Int'l report warns against violence in West Bank

text

Fragile calm in the West Bank could end if relevant parties do not get beyond managing conflict triggers to address root issues, an international report warned Wednesday.

The report by the Brussels-based International Crisis Group examines political, economic and security conditions in the West Bank, as the United States is trying to restart peace talks between the Palestinians and Israel after years of stalemate.

The 30-page report, "Buying Time? Money, Guns and Politics in the West Bank," says that many conditions for an uprising are in place, such as political discontent, the leadership's loss of legitimacy, hopelessness, economic fragility, increased violence and an overwhelming sense that security cooperation serves Israeli rather than Palestinian interest.

The report admits that there are several factors arguing against an imminent escalation in the occupied West Bank.
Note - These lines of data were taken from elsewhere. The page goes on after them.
lemma obtain_minimum_vertex_cover:
  assumes "simple_graph V E"
  obtains C where "vertex_cover V E C" "card C = vc_num V E"
proof -
  have "vertex_cover V E V"
    using assms by (auto simp: vertex_cover_def simple_graph_def)
  then have "{card C | C. vertex_cover V E C} \<noteq> {}"
    by blast
  from Min_in[OF finite_vertex_cover_cards[OF assms] this] show ?thesis
    using that unfolding vc_num_def by auto
qed

lemma minimum_vertex_cover_has_outside_neighbour:
  assumes "simple_graph V E" "vertex_cover V E C" "card C = vc_num V E" "c \<in> C"
  shows "\<exists>u. E c u \<and> u \<notin> C"
proof (rule ccontr)
  assume "\<not> ?thesis"
  then have "vertex_cover V E (C - {c})"
    using assms(1,2) unfolding vertex_cover_def simple_graph_def by blast
  then have "card C \<le> card (C - {c})"
    using vc_num_le[OF assms(1)] assms(3) by simp
  then show False
    using assms(4) finite_vertex_cover[OF assms(1,2)] by (metis card_Diff1_less_iff not_le)
qed

lemma card_le_indep_num:
  assumes "simple_graph V E" "indep_set V E S"
  shows "card S \<le> indep_num V E"
proof -
  have "{card S | S. indep_set V E S} \<subseteq> {0..card V}"
    using simple_graph_finite[OF assms(1)] by (auto simp: indep_set_def intro: card_mono)
  then have "finite {card S | S. indep_set V E S}"
    using finite_subset by blast
  then show ?thesis
    unfolding indep_num_def using assms(2) by (auto intro: Max_ge)
qed

lemma gamma_oir2_le:
  assumes "finite V" "oi2rd V E f"
  shows "gamma_oir2 V E \<le> weight V f"
proof -
  have "weight V g \<le> card V * 2" if "oi2rd V E g" for g
  proof -
    have "card (g v) \<le> 2" if "v \<in> V" for v
      using \<open>oi2rd V E g\<close> that card_mono[of "{1, 2::nat}" "g v"] unfolding oi2rd_def by auto
    then show ?thesis
      unfolding weight_def using sum_bounded_above[of V "\<lambda>v. card (g v)" 2] by simp
  qed
  then have "{weight V f | f. oi2rd V E f} \<subseteq> {0..card V * 2}"
    by auto
  then have "finite {weight V f | f. oi2rd V E f}"
    using finite_subset by blast
  then show ?thesis
    unfolding gamma_oir2_def using assms(2) by (auto intro: Min_le)
qed

lemma obtain_matching:
  assumes "finite A" "finite B"
  obtains D where "D \<subseteq> A \<times> B" "card D = min (card A) (card B)"
    "\<And>a b b'. (a, b) \<in> D \<Longrightarrow> (a, b') \<in> D \<Longrightarrow> b = b'"
    "\<And>a a' b. (a, b) \<in> D \<Longrightarrow> (a', b) \<in> D \<Longrightarrow> a = a'"
proof -
  obtain xs where xs: "set xs = A" "distinct xs"
    using finite_distinct_list[OF assms(1)] by blast
  obtain ys where ys: "set ys = B" "distinct ys"
    using finite_distinct_list[OF assms(2)] by blast
  have "set (zip xs ys) \<subseteq> A \<times> B"
    using xs ys by (auto dest: set_zip_leftD set_zip_rightD)
  moreover have "card (set (zip xs ys)) = min (card A) (card B)"
    using distinct_card[OF distinct_zipI1[OF xs(2)]] distinct_card[OF xs(2)] distinct_card[OF ys(2)]
      xs(1) ys(1) by simp
  ultimately show ?thesis
  proof (rule that)
    show "b = b'" if "(a, b) \<in> set (zip xs ys)" "(a, b') \<in> set (zip xs ys)" for a b b'
      using that xs(2) ys(2) by (auto simp: set_zip nth_eq_iff_index_eq)
    show "a = a'" if "(a, b) \<in> set (zip xs ys)" "(a', b) \<in> set (zip xs ys)" for a a' b
      using that xs(2) ys(2) by (auto simp: set_zip nth_eq_iff_index_eq)
  qed
qed

definition cover_labelling :: "'a set \<Rightarrow> 'b set \<Rightarrow> ('a \<times> 'b) set \<Rightarrow> 'a \<times> 'b \<Rightarrow> nat set" where
  "cover_labelling CG CH D p =
     (if p \<in> D then {} else if fst p \<in> CG then {1} else if snd p \<in> CH then {2} else {})"

context
  fixes VG :: "'a set" and EG :: "'a \<Rightarrow> 'a \<Rightarrow> bool"
    and VH :: "'b set" and EH :: "'b \<Rightarrow> 'b \<Rightarrow> bool"
    and CG :: "'a set" and CH :: "'b set" and D :: "('a \<times> 'b) set"
  assumes G: "simple_graph VG EG" and H: "simple_graph VH EH"
    and no_isolated_G: "no_isolated VG EG" and no_isolated_H: "no_isolated VH EH"
    and cover_G: "vertex_cover VG EG CG" and cover_H: "vertex_cover VH EH CH"
    and outside_neighbour: "\<And>c. c \<in> CG \<Longrightarrow> \<exists>u. EG c u \<and> u \<notin> CG"
    and matching: "D \<subseteq> CG \<times> CH"
      "\<And>a b b'. (a, b) \<in> D \<Longrightarrow> (a, b') \<in> D \<Longrightarrow> b = b'"
      "\<And>a a' b. (a, b) \<in> D \<Longrightarrow> (a', b) \<in> D \<Longrightarrow> a = a'"
begin

private abbreviation "f \<equiv> cover_labelling CG CH D"

private lemma empty_label_cases:
  assumes "f (g, h) = {}"
  shows "(g, h) \<in> D \<or> (g \<notin> CG \<and> h \<notin> CH)"
  using assms unfolding cover_labelling_def by (auto split: if_splits)

lemma cover_labelling_rainbow:
  assumes "v \<in> VG \<times> VH" "f v = {}"
  shows "(\<Union>u\<in>nbhd (box_edge EG EH) v. f u) = {1, 2}"
proof -
  obtain g h where v: "v = (g, h)"
    by (cases v)
  obtain g' h' where "EG g g'" "EH h h'" "f (g, h') = {1} \<and> f (g', h) = {2}
      \<or> f (g', h) = {1} \<and> f (g, h') = {2}"
  proof (cases "v \<in> D")
    case True
    then have "g \<in> CG" "h \<in> CH"
      using matching(1) v by auto
    obtain g' where g': "EG g g'" "g' \<notin> CG"
      using outside_neighbour[OF \<open>g \<in> CG\<close>] by blast
    obtain h' where h': "EH h h'"
      using no_isolated_H \<open>h \<in> CH\<close> cover_H unfolding no_isolated_def vertex_cover_def by blast
    have "(g, h') \<notin> D"
      using matching(2)[of g h h'] True v h' H unfolding simple_graph_def by blast
    then have "f (g, h') = {1}" "f (g', h) = {2}"
      using \<open>g \<in> CG\<close> \<open>h \<in> CH\<close> g' matching(1) unfolding cover_labelling_def by auto
    then show ?thesis
      using that g' h' by blast
  next
    case False
    then have "g \<notin> CG" "h \<notin> CH"
      using empty_label_cases assms(2) v by blast+
    obtain g' h' where g'h': "EG g g'" "EH h h'"
      using no_isolated_G no_isolated_H assms(1) v unfolding no_isolated_def by blast
    then have "g' \<in> CG" "h' \<in> CH"
      using cover_G cover_H \<open>g \<notin> CG\<close> \<open>h \<notin> CH\<close> unfolding vertex_cover_def by blast+
    then have "f (g', h) = {1}" "f (g, h') = {2}"
      using \<open>g \<notin> CG\<close> \<open>h \<notin> CH\<close> matching(1) unfolding cover_labelling_def by auto
    then show ?thesis
      using that g'h' by blast
  qed
  moreover have "(g, h') \<in> nbhd (box_edge EG EH) v" "(g', h) \<in> nbhd (box_edge EG EH) v"
    using calculation v by (auto simp: nbhd_def box_edge_def)
  moreover have "f u \<subseteq> {1, 2}" for u
    unfolding cover_labelling_def by auto
  ultimately show ?thesis
    by blast
qed

lemma cover_labelling_empty_indep:
  "indep_set (VG \<times> VH) (box_edge EG EH) {v \<in> VG \<times> VH. f v = {}}"
  unfolding indep_set_def
proof (intro conjI ballI)
  fix p q
  assume "p \<in> {v \<in> VG \<times> VH. f v = {}}" "q \<in> {v \<in> VG \<times> VH. f v = {}}"
  moreover obtain g h g' h' where pq: "p = (g, h)" "q = (g', h')"
    by (cases p, cases q)
  ultimately have p: "(g, h) \<in> D \<or> (g \<notin> CG \<and> h \<notin> CH)" and q: "(g', h') \<in> D \<or> (g' \<notin> CG \<and> h' \<notin> CH)"
    using empty_label_cases by auto
  show "\<not> box_edge EG EH p q"
  proof
    assume "box_edge EG EH p q"
    then consider "g = g'" "EH h h'" | "h = h'" "EG g g'"
      using pq by (auto simp: box_edge_def)
    then show False
    proof cases
      case 1
      then have "h \<noteq> h'"
        using H unfolding simple_graph_def by auto
      then show False
        using p q 1 matching(1,2) cover_H unfolding vertex_cover_def by blast
    next
      case 2
      then have "g \<noteq> g'"
        using G unfolding simple_graph_def by auto
      then show False
        using p q 2 matching(1,3) cover_G unfolding vertex_cover_def by blast
    qed
  qed
qed simp

lemma cover_labelling_oi2rd: "oi2rd (VG \<times> VH) (box_edge EG EH) f"
  unfolding oi2rd_def using cover_labelling_rainbow cover_labelling_empty_indep
  by (auto simp: cover_labelling_def)

lemma cover_labelling_weight:
  "weight (VG \<times> VH) f + card D = card CG * card VH + card (VG - CG) * card CH"
proof -
  have sub: "CG \<subseteq> VG" "CH \<subseteq> VH"
    using cover_G cover_H by (auto simp: vertex_cover_def)
  have "finite VG" "finite VH"
    using G H by (simp_all add: simple_graph_finite)
  then have fin: "finite VG" "finite VH" "finite CG" "finite CH" "finite D"
    using sub finite_subset[OF matching(1)] by (auto intro: finite_subset)
  let ?P = "(CG \<times> VH - D) \<union> ((VG - CG) \<times> CH)"
  have "?P \<subseteq> VG \<times> VH"
    using sub by blast
  have "weight (VG \<times> VH) f = (\<Sum>p\<in>VG \<times> VH. if p \<in> ?P then 1 else 0)"
    unfolding weight_def using matching(1) by (intro sum.cong) (auto simp: cover_labelling_def)
  also have "\<dots> = (\<Sum>p\<in>VG \<times> VH \<inter> ?P. 1)"
    by (rule sum.inter_restrict[symmetric]) (simp add: fin)
  also have "\<dots> = card ?P"
    using Int_absorb1[OF \<open>?P \<subseteq> VG \<times> VH\<close>] by simp
  also have "\<dots> = card (CG \<times> VH - D) + card ((VG - CG) \<times> CH)"
    by (rule card_Un_disjoint) (use fin in auto)
  also have "card (CG \<times> VH - D) = card CG * card VH - card D"
    using matching(1) sub fin by (simp add: card_Diff_subset card_cartesian_product subset_iff)
  finally have "weight (VG \<times> VH) f = card CG * card VH - card D + card (VG - CG) * card CH"
    by (simp add: card_cartesian_product)
  moreover have "card D \<le> card CG * card VH"
    using card_mono[of "CG \<times> VH" D] matching(1) sub fin by (auto simp: card_cartesian_product)
  ultimately show ?thesis
    by simp
qed
(* Let $\alpha>0$, $t_0>0$, $x_0,v_0\in\mathcal H$, let $x$ be a solution of the Cauchy problem $$\tfrac{\alpha}{t}\dot x(t)+\operatorname{proj}_{C(x(t))+\ddot x(t)}(0)=0\ (t>t_0),\qquad x(t_0)=x_0,\ \dot x(t_0)=v_0,$$ and let $z\in\mathcal H$. Let $\lambda\ge0$ and $\xi^*=\lambda(\alpha-1-\lambda)\ge0$, and define $$\mathcal E_{\lambda,\xi^*}(t)=t^2\min_{i=1,\dots,m}\big(f_i(x(t))-f_i(z)\big)+\tfrac12\|\lambda(x(t)-z)+t\dot x(t)\|^2+\tfrac{\xi^*}{2}\|x(t)-z\|^2 .$$ Then: (i) $\mathcal E_{\lambda,\xi^*}$ is differentiable at almost every $t\in[t_0,+\infty)$; (ii) for almost all $t\in[t_0,+\infty)$, $$\tfrac{d}{dt}\mathcal E_{\lambda,\xi^*}(t)\le(2-\lambda)t\min_{i}\big(f_i(x(t))-f_i(z)\big)-(\alpha-\lambda-1)t\|\dot x(t)\|^2;$$ (iii) for all $t\in[t_0,+\infty)$, $$\mathcal E_{\lambda,\xi^*}(t)-\mathcal E_{\lambda,\xi^*}(t_0)\le(2-\lambda)\int_{t_0}^t s\min_{i}\big(f_i(x(s))-f_i(z)\big)\,ds+\int_{t_0}^t s(\lambda+1-\alpha)\|\dot x(s)\|^2\,ds .$$
   Context: $\mathcal H$ is a real Hilbert space. $f_1,\dots,f_m:\mathcal H\to\mathbb R$ are convex and continuously differentiable. $C(x)=\operatorname{co}\{\nabla f_i(x):i=1,\dots,m\}$. For a closed convex $K$, $\operatorname{proj}_K(y)=\arg\min_{w\in K}\|w-y\|^2$. A solution of the Cauchy problem is a function $x:[t_0,+\infty)\to\mathcal H$ such that: $x\in C^1([t_0,+\infty))$; $\dot x$ is absolutely continuous on $[t_0,T]$ for every $T\ge t_0$; there is a Bochner measurable $\ddot x$ with $\dot x(t)=\dot x(t_0)+\int_{t_0}^t\ddot x(s)\,ds$ for all $t$, and $\frac{d}{dt}\dot x=\ddot x$ a.e.; the equation holds for almost all $t\ge t_0$; and the initial conditions hold. *)

theory Defs
  imports "HOL-Analysis.Analysis"
begin

definition proj :: "'a::real_inner set \<Rightarrow> 'a \<Rightarrow> 'a" where
  "proj K y = (SOME w. w \<in> K \<and> (\<forall>u\<in>K. (norm (w - y))\<^sup>2 \<le> (norm (u - y))\<^sup>2))"

text \<open>C(x) = co { grad f_i(x) : i = 1..m }, indices 0..m-1.\<close>
definition Cgrad :: "nat \<Rightarrow> (nat \<Rightarrow> 'a::real_inner \<Rightarrow> 'a) \<Rightarrow> 'a \<Rightarrow> 'a set" where
  "Cgrad m df x = convex hull ((\<lambda>i. df i x) ` {..<m})"

definition abs_continuous_on :: "real \<Rightarrow> real \<Rightarrow> (real \<Rightarrow> 'a::real_normed_vector) \<Rightarrow> bool" where
  "abs_continuous_on a b g \<longleftrightarrow>
     (\<forall>e>0. \<exists>d>0. \<forall>(n::nat) (l::nat \<Rightarrow> real) (r::nat \<Rightarrow> real).
        (\<forall>k<n. a \<le> l k \<and> l k \<le> r k \<and> r k \<le> b) \<and>
        (\<forall>k. Suc k < n \<longrightarrow> r k \<le> l (Suc k)) \<and>
        (\<Sum>k<n. r k - l k) < d \<longrightarrow>
        (\<Sum>k<n. norm (g (r k) - g (l k))) < e)"

definition bochner_measurable_on :: "real set \<Rightarrow> (real \<Rightarrow> 'a::real_normed_vector) \<Rightarrow> bool" where
  "bochner_measurable_on S g \<longleftrightarrow>
     (\<exists>\<phi>::nat \<Rightarrow> real \<Rightarrow> 'a.
        (\<forall>n. finite (range (\<phi> n)) \<and> (\<forall>v. \<phi> n -` {v} \<in> sets lebesgue)) \<and>
        (AE t in lebesgue. t \<in> S \<longrightarrow> (\<lambda>n. \<phi> n t) \<longlonglongrightarrow> g t))"

definition is_solution ::
  "real \<Rightarrow> nat \<Rightarrow> (nat \<Rightarrow> 'a::{real_inner,complete_space} \<Rightarrow> 'a) \<Rightarrow> real \<Rightarrow> 'a \<Rightarrow> 'a
   \<Rightarrow> (real \<Rightarrow> 'a) \<Rightarrow> (real \<Rightarrow> 'a) \<Rightarrow> (real \<Rightarrow> 'a) \<Rightarrow> bool" where
  "is_solution \<alpha> m df t0 x0 v0 x xd xdd \<longleftrightarrow>
     (\<forall>t\<ge>t0. (x has_vector_derivative xd t) (at t within {t0..})) \<and>
     continuous_on {t0..} xd \<and>
     (\<forall>T\<ge>t0. abs_continuous_on t0 T xd) \<and>
     bochner_measurable_on {t0..} xdd \<and>
     (\<forall>t\<ge>t0. (\<lambda>s. norm (xdd s)) integrable_on {t0..t} \<and>
              (xdd has_integral (xd t - xd t0)) {t0..t}) \<and>
     (AE t in lborel. t \<ge> t0 \<longrightarrow> (xd has_vector_derivative xdd t) (at t)) \<and>
     (AE t in lborel. t > t0 \<longrightarrow>
        (\<alpha> / t) *\<^sub>R xd t + proj ((\<lambda>c. c + xdd t) ` Cgrad m df (x t)) 0 = 0) \<and>
     x t0 = x0 \<and> xd t0 = v0"

definition energy ::
  "nat \<Rightarrow> (nat \<Rightarrow> 'a::real_inner \<Rightarrow> real) \<Rightarrow> (real \<Rightarrow> 'a) \<Rightarrow> (real \<Rightarrow> 'a) \<Rightarrow> 'a \<Rightarrow> real \<Rightarrow> real \<Rightarrow> real \<Rightarrow> real" where
  "energy m f x xd z lam \<xi> t =
     t\<^sup>2 * Min ((\<lambda>i. f i (x t) - f i z) ` {..<m})
     + 1/2 * (norm (lam *\<^sub>R (x t - z) + t *\<^sub>R xd t))\<^sup>2
     + \<xi>/2 * (norm (x t - z))\<^sup>2"

end

theory Submission
  imports Defs
begin
(* Let $G$ be a $\sigma$-compact locally compact Abelian group and $\omega=\sum_{x\in\Gamma}\omega(x)\delta_x$ a concentrated weighted comb with $\|\omega\|_\infty<\infty$. Then $\omega$ is norm-almost periodic if and only if $\omega$ is sup-almost periodic.
   Context: $\|\omega\|_\infty:=\sup_x|\omega(\{x\})|$. Fix a compact $K\subset G$ with nonempty interior and set $\|\mu\|_K:=\sup_{t\in G}|\mu|(t+K)$; $T_t\mu(A)=\mu(A-t)$. A weighted comb $\omega$ is concentrated if for every $\varepsilon>0$ there is a set $\Lambda\subset G$ with finite local complexity ($\Lambda-\Lambda$ locally finite) such that $\|\omega-\omega|_\Lambda\|_K<\varepsilon$, where $\omega|_\Lambda=\sum_{x\in\Gamma\cap\Lambda}\omega(x)\delta_x$. Norm-almost periodic: $\{t:\|\omega-T_t\omega\|_K<\varepsilon\}$ relatively dense for all $\varepsilon>0$; sup-almost periodic: $\{t:\sup_x|\omega(\{t+x\})-\omega(\{x\})|<\varepsilon\}$ relatively dense for all $\varepsilon>0$. *)

theory Defs
  imports "HOL-Analysis.Analysis"
begin

text \<open>A weighted comb \<open>\<omega> = \<Sum>x\<in>\<Gamma>. \<omega>(x) \<delta>\<^sub>x\<close> is represented by its weight
  function \<open>w\<close> (with \<open>w x = \<omega>({x})\<close>, zero off \<open>\<Gamma>\<close>).\<close>

definition var_mass :: "('a \<Rightarrow> complex) \<Rightarrow> 'a set \<Rightarrow> ennreal" where
  "var_mass w A = (\<Sum>\<^sub>\<infinity>x\<in>A. ennreal (cmod (w x)))"

text \<open>The comb defines a (Radon) measure: finite total variation on compacts.\<close>
definition weighted_comb :: "('a::topological_space \<Rightarrow> complex) \<Rightarrow> bool" where
  "weighted_comb w \<longleftrightarrow> (\<forall>C. compact C \<longrightarrow> var_mass w C < \<infinity>)"

definition K_norm :: "'a::ab_group_add set \<Rightarrow> ('a \<Rightarrow> complex) \<Rightarrow> ennreal" where
  "K_norm K w = (SUP t. var_mass w ((+) t ` K))"

definition sup_norm :: "('a \<Rightarrow> complex) \<Rightarrow> ennreal" where
  "sup_norm w = (SUP x. ennreal (cmod (w x)))"
lemma traversal_cost_eq_profile_cost:
  assumes T: "traversal (length x) (length q) T"
  shows "Max ((\<lambda>(i, j). \<bar>x ! i - q ! j\<bar>) ` set T) = profile_cost x q (profile x (length q) T)"
proof -
  let ?l = "length q"
  have "(\<lambda>(i, j). \<bar>x ! i - q ! j\<bar>) ` set T = (\<Union>j<?l. (\<lambda>v. \<bar>v - q ! j\<bar>) ` sector x T j)"
    using traversal_bounds[OF T] unfolding sector_def by fastforce
  also have "Max \<dots> = Max ((\<lambda>j. Max ((\<lambda>v. \<bar>v - q ! j\<bar>) ` sector x T j)) ` {..<?l})"
  proof (rule Max_UNION)
    show "{..<?l} \<noteq> {}" using T by (auto simp: traversal_iff_successively)
  qed (auto simp: finite_sector sector_nonempty[OF T])
  also have "\<dots> = profile_cost x q (profile x ?l T)"
  proof -
    have "Min (sector x T j) \<in> set x \<and> Max (sector x T j) \<in> set x" if "j < ?l" for j
      using Min_in[OF finite_sector sector_nonempty[OF T that]]
        Max_in[OF finite_sector sector_nonempty[OF T that]] sector_subset_set[OF T] by blast
    then show ?thesis
      unfolding profile_cost_def profile_def
      by (intro arg_cong[where f = Max] image_cong)
        (simp_all add: Max_abs_diff finite_sector sector_nonempty[OF T] unrank_rank)
  qed
  finally show ?thesis .
qed

lemma dF_eq_Inf_profile_cost: "dF x q = Inf (profile_cost x q ` profiles x (length q))"
proof -
  let ?Trav = "{T. traversal (length x) (length q) T}"
  have "dF x q = Inf ((\<lambda>T. profile_cost x q (profile x (length q) T)) ` ?Trav)"
    unfolding dF_def
    by (intro arg_cong[where f = Inf] image_cong) (simp_all add: traversal_cost_eq_profile_cost)
  also have "\<dots> = Inf (profile_cost x q ` profile x (length q) ` ?Trav)"
    by (simp add: image_image)
  also have "profile x (length q) ` ?Trav = profiles x (length q)"
    unfolding profiles_def by blast
  finally show ?thesis .
qed

lemma dF_eq_if_profiles_eq:
  assumes "set x = set y" "profiles x (length q) = profiles y (length q)"
  shows "dF x q = dF y q"
  using assms unrank_cong[OF assms(1)] by (simp add: dF_eq_Inf_profile_cost profile_cost_def)

lemma mono_on_Min_commute:
  assumes "mono_on A f" "finite A" "A \<noteq> {}"
  shows "f (Min A) = Min (f ` A)"
proof (rule Min_eqI[symmetric])
  show "finite (f ` A)" "f (Min A) \<in> f ` A" using assms by auto
  show "f (Min A) \<le> y" if "y \<in> f ` A" for y
    using that Min_le[OF assms(2)] mono_onD[OF assms(1) Min_in[OF assms(2,3)]] by blast
qed

lemma mono_on_Max_commute:
  assumes "mono_on A f" "finite A" "A \<noteq> {}"
  shows "f (Max A) = Max (f ` A)"
proof (rule Max_eqI[symmetric])
  show "finite (f ` A)" "f (Max A) \<in> f ` A" using assms by auto
  show "y \<le> f (Max A)" if "y \<in> f ` A" for y
    using that Max_ge[OF assms(2)] mono_onD[OF assms(1) _ Max_in[OF assms(2,3)]] by blast
qed

lemma profile_eqI:
  assumes "set x = set y" "\<And>j. j < l \<Longrightarrow> sector x M j = sector y M' j"
  shows "profile x l M = profile y l M'"
  unfolding profile_def rank_def using assms by simp

lemma rank_map_strict_mono:
  assumes "strict_mono_on (set x) g" "z \<in> set x"
  shows "rank (map g x) (g z) = rank x z"
proof -
  have "{w \<in> set (map g x). w \<le> g z} = g ` {w \<in> set x. w \<le> z}"
    using strict_mono_on_less_eq[OF assms(1) _ assms(2)] by auto
  moreover have "inj_on g {w \<in> set x. w \<le> z}"
    using strict_mono_on_imp_inj_on[OF assms(1)] by (rule inj_on_subset) auto
  ultimately show ?thesis unfolding rank_def by (simp add: card_image)
qed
For example, the split between Fatah and Hamas renders popular mobilization dangerous to either regime; the Palestinians remain tired from the consequences of the second intifada; and foreign assistance has helped reshape the West Bank's political economy while giving most of its residents an interest in preserving the system.

To help stabilize the West Bank, the report urged Israel to regularize tax revenue transfers to the Palestinian National Authority (PNA), rein in settler attacks against Palestinians and curtail incursions by its security forces into ostensibly Palestinian-controlled areas.

"There is an understandable temptation to renew negotiations as a way to address -- or at least distract attention from -- the deep causes of rising West Bank instability," said Nathan Thrall of the ICG's Middle East division. "But a breakdown in talks would risk accelerating the very dynamics that the negotiations are meant to forestall."